Suitably it can be determined for the application in field of acoustics according to the secondary signal received from second space direction dry
Signal is disturbed, the second space direction is different from the first direction in space, is exported by the first signal received from first direction in space
Approximate not disturbed signal.Thus it is preferred to the signal that transmission receives from the first direction in space is converged to signal, wherein suppressing from the
The signal that two directions receive.
It is particularly preferred that second space direction and the first direction in space are reverse.Thus, it is possible to optimally suppress not come from
With the interference signal in source.
In a preferred embodiment, disturbed letter is exported by the 3rd signal received by set direction
Number, the direction is selectively less than receives the set direction of secondary signal by it.
In improvement project that can be alternatively or additionally, exported by the 3rd signal received by set direction disturbed
Signal, the direction selectively be less than by its reception the first signal set direction.In two above-mentioned measures
Each of facilitate following situation, i.e., can also be converged to signal transmission from different from first direction direction, unattenuated or
Decayed with small come the signal decayed.
It is particularly preferred that first, second and/or the 3rd signal be by audiphone gather acoustic signal.Thus the party
Method can be used for the use for improving audiphone.
Brief description of the drawings
With reference to appended accompanying drawing, the present invention is further illustrated, in accompanying drawing:
Fig. 1 shows the audiphone according to prior art with strongly simplified block diagram,
Fig. 2 shows the schematic block diagram of the device of the amplification coefficient for determining audiphone,
Fig. 3 show a case that for do not consider disturbed signal on amplification coefficient with it is approximate not be disturbed letter
Number horizontal and disturbed signal level between first level difference and the level in interference signal and disturbed letter
Number level between the second level error relevance graphics,
Fig. 4 is shown a case that for not considering that approximate not disturbed signal is not done on amplification coefficient with approximate
Between the level of the horizontal and disturbed signal for the signal disturbed first level difference and interference signal level and done
The graphics of the relevance of the second level error between the level for the signal disturbed,
Fig. 5 shows a case that respectively to consider half on amplification for approximate not disturbed signal and disturbed signal
Coefficient is with the first level difference between the approximate not level of the horizontal and disturbed signal of disturbed signal and dry
The graphics of the relevance of the second level error between the level of the horizontal and disturbed signal of signal is disturbed,
Fig. 6 shows the indicative flowchart of the method for the amplification coefficient for determining audiphone.
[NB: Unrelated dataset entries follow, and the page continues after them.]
text \<open>Y^n T with T of weight 2r - 4k lies on the antidiagonal 2k + n; on the antidiagonal 2m
  this forces n > 0, as k \<noteq> m.\<close>

lemma alt_sum_Mgens:
  assumes "2 * m \<le> r" "U \<in> Mgens r m"
  shows "alt_sum (2 * m) U = 0"
proof -
  obtain n T k where U: "U = (Ytens r ^^ n) T" and "k \<noteq> m"
    and T: "T \<in> hwv r (of_int (2 * int r - 4 * int k))"
    using assms(2) unfolding Mgens_def by blast
  have "antidiag (2 * k + n) U"
    unfolding U by (rule antidiag_Ytens_pow[OF antidiag_hwv[OF T]])
  show ?thesis
  proof (cases "2 * k + n = 2 * m")
    case True
    with \<open>k \<noteq> m\<close> obtain n' where "n = Suc n'" by (cases n) auto
    then have "U = Ytens r ((Ytens r ^^ n') T)"
      using U by simp
    then show ?thesis
      using assms(1) by (simp add: alt_sum_Ytens)
  qed (rule alt_sum_antidiag[OF \<open>antidiag (2 * k + n) U\<close>])
qed

lemma alt_sum_span_Mgens:
  "2 * m \<le> r \<Longrightarrow> U \<in> tens.span (Mgens r m) \<Longrightarrow> alt_sum (2 * m) U = 0"
  by (rule tens_dual.linear_eq_0_on_span[OF linear_alt_sum]) (auto intro: alt_sum_Mgens)

text \<open>The witness is x_0 + x_m, the point at t = 0 with \<lambda>_m = 1/m!: its square has nonzero
  alternating sum on the antidiagonal 2m.\<close>

lemma osc_not_subset_Mvar:
  assumes "1 \<le> m" "2 * m \<le> r"
  shows "\<not> osc r m \<subseteq> Mvar r m"
proof
  assume sub: "osc r m \<subseteq> Mvar r m"
  define lam :: "nat \<Rightarrow> complex" where "lam q = (if q = m then 1 / fact m else 0)" for q
  define a where "a = osc_point r m 0 lam"
  have a_eq: "a i = (if i = 0 \<or> i = m then 1 else 0)" for i
    using assms by (auto simp: a_def osc_point_zero lam_def)
  have "sq a \<in> tens.span (Mgens r m)"
    using sub osc_point_osc[of r m 0 lam] by (auto simp: a_def Mvar_eq_span)
  then have "alt_sum (2 * m) (sq a) = 0"
    using alt_sum_span_Mgens assms(2) by blast
  moreover have "alt_sum (2 * m) (sq a)
      = (\<Sum>i\<le>2 * m. if i = m then (-1) ^ m * of_nat (2 * m choose m) else 0)"
    unfolding alt_sum_def sq_def a_eq using assms(1) by (intro sum.cong) auto
  ultimately show False
    by simp
qed

section \<open>Symmetric tensors on low antidiagonals\<close>

text \<open>X kills it because (r - i) T(i+1, j) = -(r - j) T(i, j+1) along the antidiagonal.\<close>

definition hw_tensor :: "nat \<Rightarrow> nat \<Rightarrow> (nat \<Rightarrow> nat \<Rightarrow> complex)" where
  "hw_tensor r k = (\<lambda>i j. if i + j = 2 * k then (-1) ^ i * fact (r - i) * fact (r - j) else 0)"

lemma antidiag_hw_tensor: "antidiag (2 * k) (hw_tensor r k)"
  by (simp add: antidiag_def hw_tensor_def)

lemma of_nat_mult_fact_diff_Suc:
  "i < r \<Longrightarrow> of_nat (r - i) * fact (r - Suc i) = (fact (r - i) :: 'a::semiring_char_0)"
  by (metis Suc_diff_Suc fact_Suc of_nat_fact of_nat_mult)

lemma hw_tensor_hwv:
  assumes "2 * k \<le> r"
  shows "hw_tensor r k \<in> hwv r (of_int (2 * int r - 4 * int k))"
  unfolding hwv_def
proof (intro CollectI conjI)
  have "(-1::complex) ^ i = (-1) ^ j" if "i + j = 2 * k" for i j
  proof -
    have "even i \<longleftrightarrow> even j"
      using that by presburger
    then show ?thesis
      by (simp add: minus_one_power_iff)
  qed
  then show "hw_tensor r k \<in> sym2 r"
    using assms unfolding sym2_def hw_tensor_def by (auto simp: add.commute mult.commute)
  show "tens_op (Xop r) (hw_tensor r k) = (\<lambda>i j. 0)"
  proof (intro ext)
    fix i j
    show "tens_op (Xop r) (hw_tensor r k) i j = 0"
    proof (cases "Suc (i + j) = 2 * k")
      case True
      then have ir: "i < r" "j < r"
        using assms by auto
      have "tens_op (Xop r) (hw_tensor r k) i j =
          (-1) ^ i * (- (of_nat (r - i) * fact (r - Suc i)) * fact (r - j)
            + fact (r - i) * (of_nat (r - j) * fact (r - Suc j)))"
        using ir True by (simp add: tens_op_def Xop_def hw_tensor_def algebra_simps)
      then show ?thesis
        unfolding of_nat_mult_fact_diff_Suc[OF ir(1)] of_nat_mult_fact_diff_Suc[OF ir(2)] by simp
    qed (simp add: tens_op_def Xop_def hw_tensor_def)
  qed
  show "tens_op (Hop r) (hw_tensor r k) = (\<lambda>i j. of_int (2 * int r - 4 * int k) * hw_tensor r k i j)"
  proof (intro ext)
    fix i j
    show "tens_op (Hop r) (hw_tensor r k) i j = of_int (2 * int r - 4 * int k) * hw_tensor r k i j"
    proof (cases "i + j = 2 * k")
      case True
      then have "i \<le> r" "j \<le> r"
        using assms by auto
      then have "tens_op (Hop r) (hw_tensor r k) i j
          = of_int (int r - 2 * int i + (int r - 2 * int j)) * hw_tensor r k i j"
        by (simp add: tens_op_def Hop_def algebra_simps)
      also have "int r - 2 * int i + (int r - 2 * int j) = 2 * int r - 4 * int k"
        using True by linarith
      finally show ?thesis .
    qed (simp add: tens_op_def Hop_def hw_tensor_def)
  qed
qed
(* There are no rational numbers (in particular, no integers) $x_1,x_2,x_3,d_1,d_2,d_3,L$ with $x_1,x_2,x_3,d_1,d_2,d_3>0$ such that $\operatorname{rank}N\le 2$, $\operatorname{rank}N_1=2$, $\operatorname{rank}N_2=2$, and $\tilde p_2=\tilde p_3=\dots=\tilde p_8=0$. Likewise there are no such positive rational numbers with $\operatorname{rank}N\le 2$, $\operatorname{rank}N_1=\operatorname{rank}N_2=2$ satisfying $p_1=p_2=p_3=0$.
   Context: Define $p_1=x_2^2+x_3^2-d_1^2$, $p_2=x_3^2+x_1^2-d_2^2$, $p_3=x_1^2+x_2^2-d_3^2$, and $\tilde p_2=p_1+p_2+p_3$, $\tilde p_3=d_1p_1+d_2p_2+d_3p_3$, $\tilde p_4=x_1p_1+x_2p_2+x_3p_3$, $\tilde p_5=x_1d_1p_1+x_2d_2p_2+x_3d_3p_3$, $\tilde p_6=x_1^2p_1+x_2^2p_2+x_3^2p_3$, $\tilde p_7=d_1^2p_1+d_2^2p_2+d_3^2p_3$, $\tilde p_8=x_1^2d_1^2p_1+x_2^2d_2^2p_2+x_3^2d_3^2p_3$. $N$ is the $3\times 7$ matrix whose $i$-th row is $(1,\ d_i,\ x_i,\ x_id_i,\ x_i^2,\ d_i^2,\ x_i^2d_i^2)$; $N_1$ is the $3\times 2$ matrix with rows $(1,d_i)$; $N_2$ is the $3\times 2$ matrix with rows $(1,x_i)$, $i=1,2,3$. Ranks are over $\mathbb{Q}$. *)

theory Defs
  imports "Jordan_Normal_Form.DL_Rank"
begin

definition p1 :: "rat \<Rightarrow> rat \<Rightarrow> rat \<Rightarrow> rat \<Rightarrow> rat \<Rightarrow> rat \<Rightarrow> rat" where
  "p1 x1 x2 x3 d1 d2 d3 = x2^2 + x3^2 - d1^2"
definition p2 :: "rat \<Rightarrow> rat \<Rightarrow> rat \<Rightarrow> rat \<Rightarrow> rat \<Rightarrow> rat \<Rightarrow> rat" where
  "p2 x1 x2 x3 d1 d2 d3 = x3^2 + x1^2 - d2^2"
definition p3 :: "rat \<Rightarrow> rat \<Rightarrow> rat \<Rightarrow> rat \<Rightarrow> rat \<Rightarrow> rat \<Rightarrow> rat" where
  "p3 x1 x2 x3 d1 d2 d3 = x1^2 + x2^2 - d3^2"

definition pcomb :: "rat \<Rightarrow> rat \<Rightarrow> rat \<Rightarrow> rat \<Rightarrow> rat \<Rightarrow> rat \<Rightarrow> rat \<Rightarrow> rat \<Rightarrow> rat \<Rightarrow> rat" where
  "pcomb w1 w2 w3 x1 x2 x3 d1 d2 d3 =
     w1 * p1 x1 x2 x3 d1 d2 d3 + w2 * p2 x1 x2 x3 d1 d2 d3 + w3 * p3 x1 x2 x3 d1 d2 d3"

definition pt2 where "pt2 x1 x2 x3 d1 d2 d3 = pcomb 1 1 1 x1 x2 x3 d1 d2 d3"
definition pt3 where "pt3 x1 x2 x3 d1 d2 d3 = pcomb d1 d2 d3 x1 x2 x3 d1 d2 d3"
definition pt4 where "pt4 x1 x2 x3 d1 d2 d3 = pcomb x1 x2 x3 x1 x2 x3 d1 d2 d3"
definition pt5 where "pt5 x1 x2 x3 d1 d2 d3 = pcomb (x1*d1) (x2*d2) (x3*d3) x1 x2 x3 d1 d2 d3"
definition pt6 where "pt6 x1 x2 x3 d1 d2 d3 = pcomb (x1^2) (x2^2) (x3^2) x1 x2 x3 d1 d2 d3"
definition pt7 where "pt7 x1 x2 x3 d1 d2 d3 = pcomb (d1^2) (d2^2) (d3^2) x1 x2 x3 d1 d2 d3"
definition pt8 where "pt8 x1 x2 x3 d1 d2 d3 =
  pcomb (x1^2*d1^2) (x2^2*d2^2) (x3^2*d3^2) x1 x2 x3 d1 d2 d3"

definition Nrow :: "rat \<Rightarrow> rat \<Rightarrow> rat list" where
  "Nrow x d = [1, d, x, x*d, x^2, d^2, x^2*d^2]"

definition Nmat :: "rat \<Rightarrow> rat \<Rightarrow> rat \<Rightarrow> rat \<Rightarrow> rat \<Rightarrow> rat \<Rightarrow> rat mat" where
  "Nmat x1 x2 x3 d1 d2 d3 = mat_of_rows_list 7 [Nrow x1 d1, Nrow x2 d2, Nrow x3 d3]"
definition N1mat :: "rat \<Rightarrow> rat \<Rightarrow> rat \<Rightarrow> rat mat" where
  "N1mat d1 d2 d3 = mat_of_rows_list 2 [[1, d1], [1, d2], [1, d3]]"
definition N2mat :: "rat \<Rightarrow> rat \<Rightarrow> rat \<Rightarrow> rat mat" where
  "N2mat x1 x2 x3 = mat_of_rows_list 2 [[1, x1], [1, x2], [1, x3]]"

definition rank3 :: "rat mat \<Rightarrow> nat" where
  "rank3 A = vec_space.rank 3 A"

end

theory Submission imports Defs begin

(*
  A 3-row matrix of rank at most 2 has all its 3x3 minors equal
  to zero.  For N the minor on the columns (1, d, x) and the minor on the
  columns (1, d, d^2) give two polynomial identities; the second factors as
  (d1 - d2)(d2 - d3)(d3 - d1) = 0.  Since rank N1 = 2 the d_i are not all
  equal, so exactly two of them coincide, and then the first identity forces
  the corresponding x_i to coincide as well.  In that situation the equations
  p~2 = p~3 = 0 (which are in particular implied by p1 = p2 = p3 = 0) force the
  remaining polynomial to vanish, i.e. 2 x^2 = d^2 with x > 0, contradicting
  the irrationality of sqrt 2.
*)

definition det3 :: "'a :: comm_ring_1 vec \<Rightarrow> 'a vec \<Rightarrow> 'a vec \<Rightarrow> 'a" where
  "det3 u v w = u$0 * (v$1*w$2 - v$2*w$1) - u$1 * (v$0*w$2 - v$2*w$0) + u$2 * (v$0*w$1 - v$1*w$0)"

lemma det3_repeated_column:
  "det3 u u w = 0" "det3 u v u = 0" "det3 u v v = 0"
  unfolding det3_def by (simp_all add: algebra_simps)

text \<open>Cramer's rule in its weakest form: the determinant annihilates every
  coefficient of a vanishing linear combination of the columns.\<close>
lemma det3_annihilates_relation:
  fixes u v w :: "'a :: comm_ring_1 vec"
  assumes rel: "\<And>r. r < 3 \<Longrightarrow> u$r * a0 + v$r * a1 + w$r * a2 = 0"
  shows "det3 u v w * a0 = 0" "det3 u v w * a1 = 0" "det3 u v w * a2 = 0"
proof -
  define E where "E r = u$r * a0 + v$r * a1 + w$r * a2" for r
  have E: "E 0 = 0" "E 1 = 0" "E 2 = 0" using rel unfolding E_def by simp_all
  have "det3 u v w * a0 =
      (v$1*w$2 - v$2*w$1) * E 0 - (v$0*w$2 - v$2*w$0) * E 1 + (v$0*w$1 - v$1*w$0) * E 2"
    unfolding det3_def E_def by (simp add: algebra_simps)
  then show "det3 u v w * a0 = 0" using E by simp
  have "det3 u v w * a1 =
      (u$2*w$1 - u$1*w$2) * E 0 + (u$0*w$2 - u$2*w$0) * E 1 + (u$1*w$0 - u$0*w$1) * E 2"
    unfolding det3_def E_def by (simp add: algebra_simps)
  then show "det3 u v w * a1 = 0" using E by simp
  have "det3 u v w * a2 =
      (u$1*v$2 - u$2*v$1) * E 0 - (u$0*v$2 - u$2*v$0) * E 1 + (u$0*v$1 - u$1*v$0) * E 2"
    unfolding det3_def E_def by (simp add: algebra_simps)
  then show "det3 u v w * a2 = 0" using E by simp
qed

lemma mat_of_cols3_mult_vec:
  "a \<in> carrier_vec 3 \<Longrightarrow> i < 3 \<Longrightarrow>
     (mat_of_cols 3 [u, v, w] *\<^sub>v a) $ i = u$i * a$0 + v$i * a$1 + w$i * a$2"
  by (simp add: mult_mat_vec_def scalar_prod_def mat_of_cols_def eval_nat_numeral)

lemma det3_nonzero_imp_rank_ge_3:
  fixes A :: "'a :: field mat"
  assumes A: "A \<in> carrier_mat 3 nc" and idx: "i < nc" "j < nc" "k < nc"
    and det: "det3 (col A i) (col A j) (col A k) \<noteq> 0"
  shows "vec_space.rank 3 A \<ge> 3"
proof -
  let ?u = "col A i" and ?v = "col A j" and ?w = "col A k"
  define B where "B = mat_of_cols 3 [?u, ?v, ?w]"
  have B: "B \<in> carrier_mat 3 3" unfolding B_def mat_of_cols_def by auto
  have cols_B: "cols B = [?u, ?v, ?w]" unfolding B_def using A idx by (simp add: cols_mat_of_cols)
  have distinct: "distinct [?u, ?v, ?w]" using det by (auto simp: det3_repeated_column)
  have indep: "\<not> module.lin_dep class_ring (module_vec TYPE('a) 3) (set (cols B))"
  proof
    assume "module.lin_dep class_ring (module_vec TYPE('a) 3) (set (cols B))"
    then obtain a where a: "a \<in> carrier_vec 3" "a \<noteq> 0\<^sub>v 3" "B *\<^sub>v a = 0\<^sub>v 3"
      using vec_space.lin_depE[OF B] distinct cols_B by metis
    have "?u$r * a$0 + ?v$r * a$1 + ?w$r * a$2 = 0" if "r < 3" for r
      using arg_cong[OF a(3), of "\<lambda>x. x $ r"] mat_of_cols3_mult_vec[OF a(1) that] that
      unfolding B_def by simp
    from det3_annihilates_relation[OF this] det have "a$0 = 0" "a$1 = 0" "a$2 = 0" by auto
    then have "a = 0\<^sub>v 3" using a(1) by (auto intro!: eq_vecI simp: less_Suc_eq numeral_3_eq_3 numeral_2_eq_2)
    then show False using a(2) by simp
  qed
  have "set (cols B) \<subseteq> set (cols A)" using cols_B A idx by (auto simp: cols_def)
  from vec_space.rank_ge_card_indpt[OF A this indep]
  show ?thesis using cols_B distinct by (simp add: distinct_card)
qed

corollary rank_le_2_minor_vanishes:
  fixes A :: "'a :: field mat"
  assumes "A \<in> carrier_mat 3 nc" "vec_space.rank 3 A \<le> 2" "i < nc" "j < nc" "k < nc"
  shows "det3 (col A i) (col A j) (col A k) = 0"
  using det3_nonzero_imp_rank_ge_3[of A nc i j k] assms by linarith

lemma Nmat_carrier: "Nmat x1 x2 x3 d1 d2 d3 \<in> carrier_mat 3 7"
  unfolding Nmat_def mat_of_rows_list_def by (simp add: carrier_matI)

text \<open>The two minors of N used in the proof: columns (1, d, x) and (1, d, d^2).\<close>
lemma Nmat_minors_vanish:
  assumes "rank3 (Nmat x1 x2 x3 d1 d2 d3) \<le> 2"
  shows "(x1 - x2) * (d2 - d3) = (x2 - x3) * (d1 - d2)"
    and "(d1 - d2) * (d2 - d3) * (d3 - d1) = 0"
proof -
  let ?N = "Nmat x1 x2 x3 d1 d2 d3"
  have minor: "det3 (col ?N 0) (col ?N 1) (col ?N k) = 0" if "k < 7" for k
    using rank_le_2_minor_vanishes[OF Nmat_carrier] assms that by (simp add: rank3_def)
  show "(x1 - x2) * (d2 - d3) = (x2 - x3) * (d1 - d2)"
    using minor[of 2] by (simp add: det3_def Nmat_def mat_of_rows_list_def Nrow_def algebra_simps)
  show "(d1 - d2) * (d2 - d3) * (d3 - d1) = 0"
    using minor[of 5]
    by (simp add: det3_def Nmat_def mat_of_rows_list_def Nrow_def power2_eq_square algebra_simps)
qed

text \<open>If all three d_i coincide, every row of N1 equals (1, d1), so its rank is at most 1.\<close>
lemma N1mat_rank_2_imp_not_constant:
  assumes "rank3 (N1mat d1 d2 d3) = 2"
  shows "\<not> (d1 = d2 \<and> d2 = d3)"
proof
  assume const: "d1 = d2 \<and> d2 = d3"
  have "vec_space.rank 3 (N1mat d1 d2 d3) \<le> 1"
  proof (rule vec_space.rank_le_1_product_entries[where f = "\<lambda>_. 1" and g = "\<lambda>c. if c = 0 then 1 else d1"])
    show "N1mat d1 d2 d3 \<in> carrier_mat 3 2" unfolding N1mat_def mat_of_rows_list_def by (simp add: carrier_matI)
    fix r c assume "r < dim_row (N1mat d1 d2 d3)" "c < dim_col (N1mat d1 d2 d3)"
    then have "r < 3" "c < 2" by (auto simp: N1mat_def mat_of_rows_list_def)
    then show "N1mat d1 d2 d3 $$ (r, c) = 1 * (if c = 0 then 1 else d1)"
      using const by (auto simp: N1mat_def mat_of_rows_list_def less_Suc_eq numeral_3_eq_3)
  qed
  then show False using assms by (simp add: rank3_def)
qed

lemma rank_conditions_imp_collision:
  assumes "rank3 (Nmat x1 x2 x3 d1 d2 d3) \<le> 2" "rank3 (N1mat d1 d2 d3) = 2"
  shows "(x1 = x2 \<and> d1 = d2 \<and> d1 \<noteq> d3) \<or> (x2 = x3 \<and> d2 = d3 \<and> d2 \<noteq> d1)
       \<or> (x1 = x3 \<and> d1 = d3 \<and> d1 \<noteq> d2)"
proof -
  note x_minor = Nmat_minors_vanish(1)[OF assms(1)]
  have not_const: "\<not> (d1 = d2 \<and> d2 = d3)" by (rule N1mat_rank_2_imp_not_constant[OF assms(2)])
  have "d1 = d2 \<or> d2 = d3 \<or> d3 = d1" using Nmat_minors_vanish(2)[OF assms(1)] by auto
  then show ?thesis
  proof (elim disjE)
    assume "d1 = d2"
    then show ?thesis using not_const x_minor by auto
  next
    assume "d2 = d3"
    then show ?thesis using not_const x_minor by auto
  next
    assume "d3 = d1"
    then have "(x1 - x3) * (d2 - d1) = 0" using x_minor by (simp add: algebra_simps)
    then show ?thesis using not_const \<open>d3 = d1\<close> by auto
  qed
qed

lemma rat_square_neq_2: "(r :: rat)^2 \<noteq> 2"
proof
  assume r2: "r^2 = 2"
  obtain a b where ab: "quotient_of r = (a, b)" by (cases "quotient_of r")
  have b: "b > 0" and coprime: "coprime a b" and r: "r = of_int a / of_int b"
    using ab quotient_of_denom_pos quotient_of_coprime quotient_of_div by blast+
  have "(of_int (a^2) :: rat) = of_int (2 * b^2)" using r2 r b by (simp add: field_simps power_divide)
  then have ab2: "a^2 = 2 * b^2" by linarith
  then obtain k where "a = 2 * k" by (metis even_mult_iff even_numeral evenE power2_eq_square)
  with ab2 have "b^2 = 2 * k^2" by (simp add: power_mult_distrib)
  then have "even (b^2)" by simp
  then have "even b" "even a" using \<open>a = 2 * k\<close> by simp_all
  then show False using coprime_common_divisor[OF coprime, of 2] by auto
qed

text \<open>Suppose two of the pairs (x_i, d_i) both equal (x, e)
  and the third d equals f \<noteq> e; let s be the sum of the two corresponding p_i, so
  that the remaining one is 2 x^2 - f^2.  Then p~2 = 0 and p~3 = 0 are the two
  hypotheses below, and they are contradictory.\<close>
lemma collision_contradiction:
  fixes x e f s :: rat
  assumes "x > 0" "e \<noteq> f" "s + (2*x^2 - f^2) = 0" "e*s + f*(2*x^2 - f^2) = 0"
  shows False
proof -
  have "(f - e) * (2*x^2 - f^2) = 0"
  proof -
    have "(f - e) * (2*x^2 - f^2) = (e*s + f*(2*x^2 - f^2)) - e * (s + (2*x^2 - f^2))"
      by (simp add: algebra_simps)
    then show ?thesis using assms(3,4) by simp
  qed
  then have "f^2 = 2 * x^2" using assms(2) by simp
  then have "(f / x)^2 = 2" using assms(1) by (simp add: power_divide)
  then show False using rat_square_neq_2 by blast
qed

lemma no_solution:
  assumes x_pos: "x1 > 0" "x2 > 0" "x3 > 0"
    and ranks: "rank3 (Nmat x1 x2 x3 d1 d2 d3) \<le> 2" "rank3 (N1mat d1 d2 d3) = 2"
    and "pt2 x1 x2 x3 d1 d2 d3 = 0" "pt3 x1 x2 x3 d1 d2 d3 = 0"
  shows False
proof -
  define P1 P2 P3 where "P1 = p1 x1 x2 x3 d1 d2 d3" "P2 = p2 x1 x2 x3 d1 d2 d3" "P3 = p3 x1 x2 x3 d1 d2 d3"
  have sum: "P1 + P2 + P3 = 0" and weighted: "d1*P1 + d2*P2 + d3*P3 = 0"
    using assms(6,7) by (simp_all add: P1_P2_P3_def pt2_def pt3_def pcomb_def)
  from rank_conditions_imp_collision[OF ranks] show False
  proof (elim disjE conjE)
    assume "x1 = x2" "d1 = d2" "d1 \<noteq> d3"
    then show False using collision_contradiction[of x1 d1 d3 "P1 + P2"] x_pos sum weighted
      by (simp add: P1_P2_P3_def p3_def algebra_simps)
  next
    assume "x2 = x3" "d2 = d3" "d2 \<noteq> d1"
    then show False using collision_contradiction[of x2 d2 d1 "P2 + P3"] x_pos sum weighted
      by (simp add: P1_P2_P3_def p1_def algebra_simps)
  next
    assume "x1 = x3" "d1 = d3" "d1 \<noteq> d2"
    then show False using collision_contradiction[of x1 d1 d2 "P1 + P3"] x_pos sum weighted
      by (simp add: P1_P2_P3_def p2_def algebra_simps)
  qed
qed

theorem theorem6p1:
  shows "\<not> (\<exists>x1 x2 x3 d1 d2 d3 L :: rat.
            x1 > 0 \<and> x2 > 0 \<and> x3 > 0 \<and> d1 > 0 \<and> d2 > 0 \<and> d3 > 0 \<and>
            rank3 (Nmat x1 x2 x3 d1 d2 d3) \<le> 2 \<and>
            rank3 (N1mat d1 d2 d3) = 2 \<and> rank3 (N2mat x1 x2 x3) = 2 \<and>
            pt2 x1 x2 x3 d1 d2 d3 = 0 \<and> pt3 x1 x2 x3 d1 d2 d3 = 0 \<and>
            pt4 x1 x2 x3 d1 d2 d3 = 0 \<and> pt5 x1 x2 x3 d1 d2 d3 = 0 \<and>
            pt6 x1 x2 x3 d1 d2 d3 = 0 \<and> pt7 x1 x2 x3 d1 d2 d3 = 0 \<and>
            pt8 x1 x2 x3 d1 d2 d3 = 0)
       \<and> \<not> (\<exists>x1 x2 x3 d1 d2 d3 L :: rat.
            x1 > 0 \<and> x2 > 0 \<and> x3 > 0 \<and> d1 > 0 \<and> d2 > 0 \<and> d3 > 0 \<and>
            rank3 (Nmat x1 x2 x3 d1 d2 d3) \<le> 2 \<and>
            rank3 (N1mat d1 d2 d3) = 2 \<and> rank3 (N2mat x1 x2 x3) = 2 \<and>
            p1 x1 x2 x3 d1 d2 d3 = 0 \<and> p2 x1 x2 x3 d1 d2 d3 = 0 \<and>
            p3 x1 x2 x3 d1 d2 d3 = 0)"
proof (intro conjI notI; elim exE conjE)
  fix x1 x2 x3 d1 d2 d3 :: rat
  assume "x1 > 0" "x2 > 0" "x3 > 0" "rank3 (Nmat x1 x2 x3 d1 d2 d3) \<le> 2" "rank3 (N1mat d1 d2 d3) = 2"
    "pt2 x1 x2 x3 d1 d2 d3 = 0" "pt3 x1 x2 x3 d1 d2 d3 = 0"
  then show False by (rule no_solution)
next
  fix x1 x2 x3 d1 d2 d3 :: rat
  assume x_pos: "x1 > 0" "x2 > 0" "x3 > 0"
    and ranks: "rank3 (Nmat x1 x2 x3 d1 d2 d3) \<le> 2" "rank3 (N1mat d1 d2 d3) = 2"
    and "p1 x1 x2 x3 d1 d2 d3 = 0" "p2 x1 x2 x3 d1 d2 d3 = 0" "p3 x1 x2 x3 d1 d2 d3 = 0"
  then have "pt2 x1 x2 x3 d1 d2 d3 = 0" "pt3 x1 x2 x3 d1 d2 d3 = 0"
    by (simp_all add: pt2_def pt3_def pcomb_def)
  then show False by (rule no_solution[OF x_pos ranks])
qed

end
The implementation being described below in detail is illustrated the preferred embodiment of the present invention.
Embodiment
Fig. 1 shows the structure of the audiphone according to prior art with strongly simplified block diagram.Audiphone has in principle
One or more input converters, amplifier and output translator are as critical piece.Input converter is typically that sound receives
Device (such as microphone) or electromagnetic receiver (such as induction coil).It is (such as miniature that output translator is mostly implemented as electroacoustic transducer
Loudspeaker or receiver) or electrical converter (such as osteoacusis receiver).Amplifier is generally integrated in signal processing unit.The original
Reason structure is in Fig. 1 to exemplify with behind-the-ear hearing aid 1.For wearing in the hearing aid hous 1 after ear, two are provided with
For receiving the microphone 2 of sound from environment.The signal processing unit 3 in hearing aid hous 1 is likewise integrated in microphone
Signal is handled and amplified.The output signal of signal processing unit 3 be sent to output acoustic signal loudspeaker or
Receiver 4.Sound conduit in duct is fixed on by the eardrum of sound conduction to hearing aid wearer by using ear mold when needing.Help
Listen device and the particularly energy supply of signal processing unit 3 by the battery 5 that is likewise integrated in hearing aid hous 1 come real
It is existing.
Shown in Fig. 2 be used for determine audiphone amplification coefficient device 10 have be respectively used to microphone signal Y ',
SS ', X ' three inputs EYi, ESSi, EXi.Microphone signal Xi to be limited by band logical sets first input end EXi, from
Direction RX receives the microphone signal, there are on direction RX with sound source QX, and its voice signal X " should be to arrange
Form is transported to the ear 20 of hearing aid wearer.Microphone signal SSi to be limited by band logical sets the second input
ESSi, from direction, RSS receives the microphone signal, exists on direction RSS and disturbs sound source QSS, its voice signal SS " to be considered as
Pure interference signal.Microphone signal Yi to be limited by band logical sets the 3rd input EYi, passes through omnidirectional's characteristic
(Rundumcharakteristik) microphone signal, is received from one or more sound sources QZ, QSS, these sound sources are located at
On one or more arbitrary, uncertain and inconsistent direction RX directions.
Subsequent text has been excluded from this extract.